__WORK ORDER__. The line containing "E \<and> a \<noteq>" marks the end, so write out exactly every line from the top of the entries below through that one.

**** MATERIAL SHOWN ****

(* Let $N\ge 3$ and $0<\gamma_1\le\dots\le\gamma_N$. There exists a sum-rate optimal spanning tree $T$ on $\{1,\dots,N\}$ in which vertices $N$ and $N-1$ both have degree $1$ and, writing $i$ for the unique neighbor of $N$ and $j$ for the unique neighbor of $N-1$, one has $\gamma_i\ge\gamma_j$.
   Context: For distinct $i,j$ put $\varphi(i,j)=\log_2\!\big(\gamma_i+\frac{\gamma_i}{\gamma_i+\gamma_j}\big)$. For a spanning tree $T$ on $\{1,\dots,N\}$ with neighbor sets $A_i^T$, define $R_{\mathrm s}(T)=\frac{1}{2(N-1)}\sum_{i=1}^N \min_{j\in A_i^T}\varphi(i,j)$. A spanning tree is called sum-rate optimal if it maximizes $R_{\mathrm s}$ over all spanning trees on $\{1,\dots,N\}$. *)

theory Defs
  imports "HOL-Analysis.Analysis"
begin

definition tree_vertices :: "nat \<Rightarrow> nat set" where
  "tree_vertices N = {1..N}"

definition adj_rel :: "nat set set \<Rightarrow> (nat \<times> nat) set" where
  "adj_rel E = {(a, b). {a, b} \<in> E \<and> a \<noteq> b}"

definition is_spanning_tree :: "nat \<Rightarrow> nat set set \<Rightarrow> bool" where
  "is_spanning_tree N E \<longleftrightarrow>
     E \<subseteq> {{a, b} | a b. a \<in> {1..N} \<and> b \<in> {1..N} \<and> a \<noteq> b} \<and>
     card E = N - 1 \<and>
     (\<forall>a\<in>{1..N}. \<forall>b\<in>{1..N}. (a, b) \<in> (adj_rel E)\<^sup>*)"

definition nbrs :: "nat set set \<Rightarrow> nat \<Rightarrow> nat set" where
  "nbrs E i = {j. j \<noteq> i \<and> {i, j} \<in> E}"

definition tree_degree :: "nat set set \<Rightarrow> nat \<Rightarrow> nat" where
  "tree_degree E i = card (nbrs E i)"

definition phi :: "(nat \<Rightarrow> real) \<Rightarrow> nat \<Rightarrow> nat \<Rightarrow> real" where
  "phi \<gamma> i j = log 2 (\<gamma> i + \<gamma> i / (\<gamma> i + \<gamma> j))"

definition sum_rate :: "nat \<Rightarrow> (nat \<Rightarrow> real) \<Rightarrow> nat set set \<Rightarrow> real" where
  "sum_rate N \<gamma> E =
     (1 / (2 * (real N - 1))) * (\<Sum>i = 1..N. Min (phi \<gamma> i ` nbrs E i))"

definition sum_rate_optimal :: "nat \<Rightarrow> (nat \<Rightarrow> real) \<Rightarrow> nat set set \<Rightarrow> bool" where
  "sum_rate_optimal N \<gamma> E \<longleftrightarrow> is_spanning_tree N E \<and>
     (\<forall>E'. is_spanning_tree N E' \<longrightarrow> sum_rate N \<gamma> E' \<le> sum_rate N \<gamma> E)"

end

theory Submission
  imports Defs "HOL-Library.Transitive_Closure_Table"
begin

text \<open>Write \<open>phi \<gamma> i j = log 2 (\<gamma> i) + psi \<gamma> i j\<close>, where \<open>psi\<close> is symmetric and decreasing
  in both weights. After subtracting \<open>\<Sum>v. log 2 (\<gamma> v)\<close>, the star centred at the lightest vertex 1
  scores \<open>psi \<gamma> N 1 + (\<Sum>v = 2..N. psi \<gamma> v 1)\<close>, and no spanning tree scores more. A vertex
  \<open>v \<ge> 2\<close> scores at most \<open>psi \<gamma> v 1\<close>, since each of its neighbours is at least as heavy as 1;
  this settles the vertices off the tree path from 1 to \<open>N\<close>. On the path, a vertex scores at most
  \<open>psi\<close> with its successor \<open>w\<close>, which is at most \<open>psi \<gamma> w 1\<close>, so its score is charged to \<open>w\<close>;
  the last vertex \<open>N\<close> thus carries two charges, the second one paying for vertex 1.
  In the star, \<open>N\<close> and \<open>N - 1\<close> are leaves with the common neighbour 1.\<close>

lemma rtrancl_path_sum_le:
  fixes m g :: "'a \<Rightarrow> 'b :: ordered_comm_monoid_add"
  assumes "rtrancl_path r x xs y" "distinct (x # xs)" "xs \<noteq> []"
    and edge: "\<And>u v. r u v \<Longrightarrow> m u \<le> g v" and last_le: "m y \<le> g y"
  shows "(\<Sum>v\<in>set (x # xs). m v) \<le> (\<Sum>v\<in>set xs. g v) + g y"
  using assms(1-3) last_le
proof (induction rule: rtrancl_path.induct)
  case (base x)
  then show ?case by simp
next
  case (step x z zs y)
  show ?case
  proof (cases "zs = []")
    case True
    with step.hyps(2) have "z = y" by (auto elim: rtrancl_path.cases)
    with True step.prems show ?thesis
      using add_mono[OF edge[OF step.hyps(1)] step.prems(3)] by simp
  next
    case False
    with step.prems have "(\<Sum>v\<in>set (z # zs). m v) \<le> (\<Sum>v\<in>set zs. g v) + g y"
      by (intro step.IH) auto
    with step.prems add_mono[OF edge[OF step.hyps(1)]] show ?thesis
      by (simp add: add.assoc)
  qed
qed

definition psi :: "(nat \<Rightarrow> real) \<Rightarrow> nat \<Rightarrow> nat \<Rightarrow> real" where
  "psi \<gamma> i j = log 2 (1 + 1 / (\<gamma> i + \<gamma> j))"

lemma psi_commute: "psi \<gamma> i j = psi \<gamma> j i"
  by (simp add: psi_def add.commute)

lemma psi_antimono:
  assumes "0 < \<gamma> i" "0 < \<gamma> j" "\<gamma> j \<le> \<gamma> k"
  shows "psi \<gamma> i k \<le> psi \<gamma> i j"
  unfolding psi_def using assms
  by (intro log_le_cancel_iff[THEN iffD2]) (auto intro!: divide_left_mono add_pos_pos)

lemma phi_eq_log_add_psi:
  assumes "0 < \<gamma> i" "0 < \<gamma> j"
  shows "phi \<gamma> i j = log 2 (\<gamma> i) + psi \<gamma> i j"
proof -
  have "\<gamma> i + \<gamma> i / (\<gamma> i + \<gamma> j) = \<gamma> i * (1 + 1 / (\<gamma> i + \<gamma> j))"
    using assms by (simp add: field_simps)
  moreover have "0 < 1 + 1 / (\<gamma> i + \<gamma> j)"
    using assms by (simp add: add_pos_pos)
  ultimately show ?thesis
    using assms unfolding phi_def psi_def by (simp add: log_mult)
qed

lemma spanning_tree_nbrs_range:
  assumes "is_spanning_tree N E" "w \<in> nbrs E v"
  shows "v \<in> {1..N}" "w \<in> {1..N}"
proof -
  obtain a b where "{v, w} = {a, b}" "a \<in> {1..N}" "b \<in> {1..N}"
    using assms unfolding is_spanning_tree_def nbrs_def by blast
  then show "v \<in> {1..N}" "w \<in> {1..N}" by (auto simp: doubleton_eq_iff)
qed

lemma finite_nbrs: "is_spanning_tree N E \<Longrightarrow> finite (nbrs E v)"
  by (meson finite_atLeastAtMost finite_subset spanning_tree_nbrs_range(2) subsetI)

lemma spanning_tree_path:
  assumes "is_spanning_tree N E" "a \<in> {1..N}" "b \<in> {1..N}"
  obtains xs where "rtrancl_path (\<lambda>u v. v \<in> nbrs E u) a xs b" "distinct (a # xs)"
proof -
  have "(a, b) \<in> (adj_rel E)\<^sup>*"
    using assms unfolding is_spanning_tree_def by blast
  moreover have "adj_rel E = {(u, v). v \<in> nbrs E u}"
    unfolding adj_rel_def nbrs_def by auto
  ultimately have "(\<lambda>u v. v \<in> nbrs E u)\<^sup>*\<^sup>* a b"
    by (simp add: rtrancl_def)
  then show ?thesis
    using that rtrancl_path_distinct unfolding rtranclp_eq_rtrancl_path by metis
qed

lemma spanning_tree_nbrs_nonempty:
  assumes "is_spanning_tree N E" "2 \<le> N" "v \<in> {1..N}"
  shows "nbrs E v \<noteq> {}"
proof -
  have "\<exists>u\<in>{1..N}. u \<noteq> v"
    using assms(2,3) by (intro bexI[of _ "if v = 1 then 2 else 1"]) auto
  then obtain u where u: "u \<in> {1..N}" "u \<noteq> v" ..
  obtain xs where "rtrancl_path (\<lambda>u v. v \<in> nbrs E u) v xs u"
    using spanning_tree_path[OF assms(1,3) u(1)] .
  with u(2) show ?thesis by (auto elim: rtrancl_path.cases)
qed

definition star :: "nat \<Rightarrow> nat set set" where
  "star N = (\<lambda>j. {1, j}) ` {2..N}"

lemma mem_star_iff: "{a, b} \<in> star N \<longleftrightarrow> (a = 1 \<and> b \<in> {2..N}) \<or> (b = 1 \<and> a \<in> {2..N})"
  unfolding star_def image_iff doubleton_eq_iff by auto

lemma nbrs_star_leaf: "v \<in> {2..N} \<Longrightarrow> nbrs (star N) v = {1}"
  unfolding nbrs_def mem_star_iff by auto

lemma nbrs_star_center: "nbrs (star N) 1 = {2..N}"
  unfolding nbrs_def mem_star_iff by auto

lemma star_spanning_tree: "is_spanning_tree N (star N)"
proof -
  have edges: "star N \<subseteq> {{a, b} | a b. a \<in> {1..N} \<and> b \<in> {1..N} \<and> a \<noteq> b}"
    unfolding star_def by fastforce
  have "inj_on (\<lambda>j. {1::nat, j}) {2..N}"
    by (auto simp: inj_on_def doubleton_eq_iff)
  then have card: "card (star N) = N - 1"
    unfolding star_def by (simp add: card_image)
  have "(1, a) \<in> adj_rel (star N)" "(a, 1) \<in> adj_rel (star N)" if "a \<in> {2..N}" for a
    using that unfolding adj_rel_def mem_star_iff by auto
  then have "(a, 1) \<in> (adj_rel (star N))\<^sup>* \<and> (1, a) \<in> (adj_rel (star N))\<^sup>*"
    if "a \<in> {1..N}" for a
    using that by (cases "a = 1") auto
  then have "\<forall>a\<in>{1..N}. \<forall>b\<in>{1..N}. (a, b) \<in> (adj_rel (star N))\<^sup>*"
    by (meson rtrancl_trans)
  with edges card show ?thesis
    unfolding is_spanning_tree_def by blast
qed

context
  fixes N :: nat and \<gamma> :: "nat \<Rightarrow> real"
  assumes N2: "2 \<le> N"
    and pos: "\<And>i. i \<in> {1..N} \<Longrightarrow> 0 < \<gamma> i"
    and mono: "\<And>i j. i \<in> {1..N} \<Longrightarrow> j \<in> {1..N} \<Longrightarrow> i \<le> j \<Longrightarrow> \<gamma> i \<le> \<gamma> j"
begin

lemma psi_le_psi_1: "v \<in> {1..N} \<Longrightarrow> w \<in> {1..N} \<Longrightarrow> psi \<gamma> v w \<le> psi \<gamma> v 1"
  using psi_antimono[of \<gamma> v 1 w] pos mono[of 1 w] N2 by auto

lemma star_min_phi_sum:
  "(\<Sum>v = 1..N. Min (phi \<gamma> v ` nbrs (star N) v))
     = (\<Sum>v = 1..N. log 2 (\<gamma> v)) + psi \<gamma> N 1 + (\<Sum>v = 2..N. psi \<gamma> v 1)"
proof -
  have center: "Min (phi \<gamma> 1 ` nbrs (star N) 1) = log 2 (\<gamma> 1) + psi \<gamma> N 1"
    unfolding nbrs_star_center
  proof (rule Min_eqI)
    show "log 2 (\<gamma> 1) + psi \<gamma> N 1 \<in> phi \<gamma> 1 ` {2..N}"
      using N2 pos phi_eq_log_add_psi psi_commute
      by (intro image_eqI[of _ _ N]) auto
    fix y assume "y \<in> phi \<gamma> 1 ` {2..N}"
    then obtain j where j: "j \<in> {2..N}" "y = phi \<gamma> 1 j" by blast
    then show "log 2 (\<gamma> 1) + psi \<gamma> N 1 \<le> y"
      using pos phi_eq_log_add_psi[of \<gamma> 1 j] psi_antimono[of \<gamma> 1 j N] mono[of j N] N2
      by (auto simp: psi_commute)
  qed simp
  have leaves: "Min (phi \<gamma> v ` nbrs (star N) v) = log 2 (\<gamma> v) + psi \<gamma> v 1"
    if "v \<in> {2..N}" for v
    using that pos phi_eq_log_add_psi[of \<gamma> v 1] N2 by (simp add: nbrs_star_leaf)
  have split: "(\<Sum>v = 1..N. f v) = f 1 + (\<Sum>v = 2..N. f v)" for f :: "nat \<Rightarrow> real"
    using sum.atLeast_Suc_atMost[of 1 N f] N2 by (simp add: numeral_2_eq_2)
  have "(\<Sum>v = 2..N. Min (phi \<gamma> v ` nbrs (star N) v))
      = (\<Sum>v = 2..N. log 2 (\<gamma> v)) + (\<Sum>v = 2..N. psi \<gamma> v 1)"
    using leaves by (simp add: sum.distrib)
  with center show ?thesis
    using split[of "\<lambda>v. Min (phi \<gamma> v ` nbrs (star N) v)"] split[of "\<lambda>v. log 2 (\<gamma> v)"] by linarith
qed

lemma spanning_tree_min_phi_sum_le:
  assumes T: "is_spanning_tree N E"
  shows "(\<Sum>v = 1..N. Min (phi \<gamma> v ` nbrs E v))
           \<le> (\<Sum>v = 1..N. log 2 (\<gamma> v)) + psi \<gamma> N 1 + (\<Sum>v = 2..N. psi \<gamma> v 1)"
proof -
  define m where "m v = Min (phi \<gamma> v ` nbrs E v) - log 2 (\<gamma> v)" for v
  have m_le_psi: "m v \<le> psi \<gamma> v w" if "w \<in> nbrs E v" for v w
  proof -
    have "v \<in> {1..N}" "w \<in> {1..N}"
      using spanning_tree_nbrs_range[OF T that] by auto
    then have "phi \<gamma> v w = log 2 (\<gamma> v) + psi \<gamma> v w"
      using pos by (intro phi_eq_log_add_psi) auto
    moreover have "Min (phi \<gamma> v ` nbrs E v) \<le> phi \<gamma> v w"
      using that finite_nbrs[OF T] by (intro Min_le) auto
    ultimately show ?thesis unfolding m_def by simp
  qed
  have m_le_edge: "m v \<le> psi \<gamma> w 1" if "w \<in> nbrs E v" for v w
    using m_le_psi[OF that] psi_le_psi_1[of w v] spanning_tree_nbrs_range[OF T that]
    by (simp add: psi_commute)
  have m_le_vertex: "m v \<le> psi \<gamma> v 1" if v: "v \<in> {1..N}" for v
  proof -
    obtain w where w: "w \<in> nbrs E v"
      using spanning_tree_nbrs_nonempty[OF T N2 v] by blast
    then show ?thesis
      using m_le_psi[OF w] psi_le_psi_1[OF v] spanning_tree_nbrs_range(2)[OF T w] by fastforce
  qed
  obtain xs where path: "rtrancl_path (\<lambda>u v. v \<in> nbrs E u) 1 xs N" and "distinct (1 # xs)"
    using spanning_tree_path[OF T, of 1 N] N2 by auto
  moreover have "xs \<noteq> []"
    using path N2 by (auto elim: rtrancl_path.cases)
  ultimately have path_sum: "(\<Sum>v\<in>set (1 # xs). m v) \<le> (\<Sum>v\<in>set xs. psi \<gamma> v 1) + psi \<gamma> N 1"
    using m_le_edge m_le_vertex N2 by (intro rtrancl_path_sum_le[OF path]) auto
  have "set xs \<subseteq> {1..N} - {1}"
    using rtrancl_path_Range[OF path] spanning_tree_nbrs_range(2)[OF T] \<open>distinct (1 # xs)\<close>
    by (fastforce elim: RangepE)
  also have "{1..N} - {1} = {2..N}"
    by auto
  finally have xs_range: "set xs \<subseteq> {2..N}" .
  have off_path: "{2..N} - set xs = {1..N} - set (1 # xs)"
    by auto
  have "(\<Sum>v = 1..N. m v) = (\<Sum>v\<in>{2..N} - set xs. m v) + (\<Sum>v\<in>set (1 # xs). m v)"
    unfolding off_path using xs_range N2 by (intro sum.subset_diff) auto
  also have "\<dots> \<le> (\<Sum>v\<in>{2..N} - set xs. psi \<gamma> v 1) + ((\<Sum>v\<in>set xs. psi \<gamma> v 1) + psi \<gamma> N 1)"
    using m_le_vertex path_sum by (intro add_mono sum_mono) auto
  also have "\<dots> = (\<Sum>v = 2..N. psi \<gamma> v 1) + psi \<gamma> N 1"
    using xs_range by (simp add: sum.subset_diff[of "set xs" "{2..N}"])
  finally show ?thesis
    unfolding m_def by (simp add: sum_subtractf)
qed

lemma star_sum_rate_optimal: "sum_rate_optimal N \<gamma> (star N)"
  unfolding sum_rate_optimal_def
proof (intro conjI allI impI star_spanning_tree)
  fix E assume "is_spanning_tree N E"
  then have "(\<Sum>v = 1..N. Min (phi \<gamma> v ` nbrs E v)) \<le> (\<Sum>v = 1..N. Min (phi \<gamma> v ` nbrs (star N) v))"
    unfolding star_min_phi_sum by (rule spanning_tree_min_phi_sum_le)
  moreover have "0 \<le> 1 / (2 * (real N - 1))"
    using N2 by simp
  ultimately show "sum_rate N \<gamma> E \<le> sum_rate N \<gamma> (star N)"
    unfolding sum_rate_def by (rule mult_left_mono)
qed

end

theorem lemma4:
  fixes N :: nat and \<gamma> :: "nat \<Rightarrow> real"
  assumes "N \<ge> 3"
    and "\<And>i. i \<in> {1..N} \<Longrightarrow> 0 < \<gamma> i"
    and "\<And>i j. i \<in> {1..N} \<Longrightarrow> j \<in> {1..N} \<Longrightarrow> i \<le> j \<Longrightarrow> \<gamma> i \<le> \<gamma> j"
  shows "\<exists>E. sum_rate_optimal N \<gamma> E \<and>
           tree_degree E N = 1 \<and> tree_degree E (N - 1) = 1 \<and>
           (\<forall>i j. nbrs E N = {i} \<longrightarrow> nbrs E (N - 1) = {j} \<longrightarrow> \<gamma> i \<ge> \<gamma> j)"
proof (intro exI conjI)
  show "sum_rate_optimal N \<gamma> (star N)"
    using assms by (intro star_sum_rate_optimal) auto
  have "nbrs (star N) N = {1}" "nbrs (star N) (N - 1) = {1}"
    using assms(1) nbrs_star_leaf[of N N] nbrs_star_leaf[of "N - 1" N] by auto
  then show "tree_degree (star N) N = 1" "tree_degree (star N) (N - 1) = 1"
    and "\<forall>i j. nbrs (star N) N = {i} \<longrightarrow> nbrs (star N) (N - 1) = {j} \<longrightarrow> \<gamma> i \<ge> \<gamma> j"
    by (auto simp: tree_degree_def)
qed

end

****

__PROBLEM SOLUTION__.
(* Let $N\ge 3$ and $0<\gamma_1\le\dots\le\gamma_N$. There exists a sum-rate optimal spanning tree $T$ on $\{1,\dots,N\}$ in which vertices $N$ and $N-1$ both have degree $1$ and, writing $i$ for the unique neighbor of $N$ and $j$ for the unique neighbor of $N-1$, one has $\gamma_i\ge\gamma_j$.
   Context: For distinct $i,j$ put $\varphi(i,j)=\log_2\!\big(\gamma_i+\frac{\gamma_i}{\gamma_i+\gamma_j}\big)$. For a spanning tree $T$ on $\{1,\dots,N\}$ with neighbor sets $A_i^T$, define $R_{\mathrm s}(T)=\frac{1}{2(N-1)}\sum_{i=1}^N \min_{j\in A_i^T}\varphi(i,j)$. A spanning tree is called sum-rate optimal if it maximizes $R_{\mathrm s}$ over all spanning trees on $\{1,\dots,N\}$. *)

theory Defs
  imports "HOL-Analysis.Analysis"
begin

definition tree_vertices :: "nat \<Rightarrow> nat set" where
  "tree_vertices N = {1..N}"

definition adj_rel :: "nat set set \<Rightarrow> (nat \<times> nat) set" where
  "adj_rel E = {(a, b). {a, b} \<in> E \<and> a \<noteq> b}"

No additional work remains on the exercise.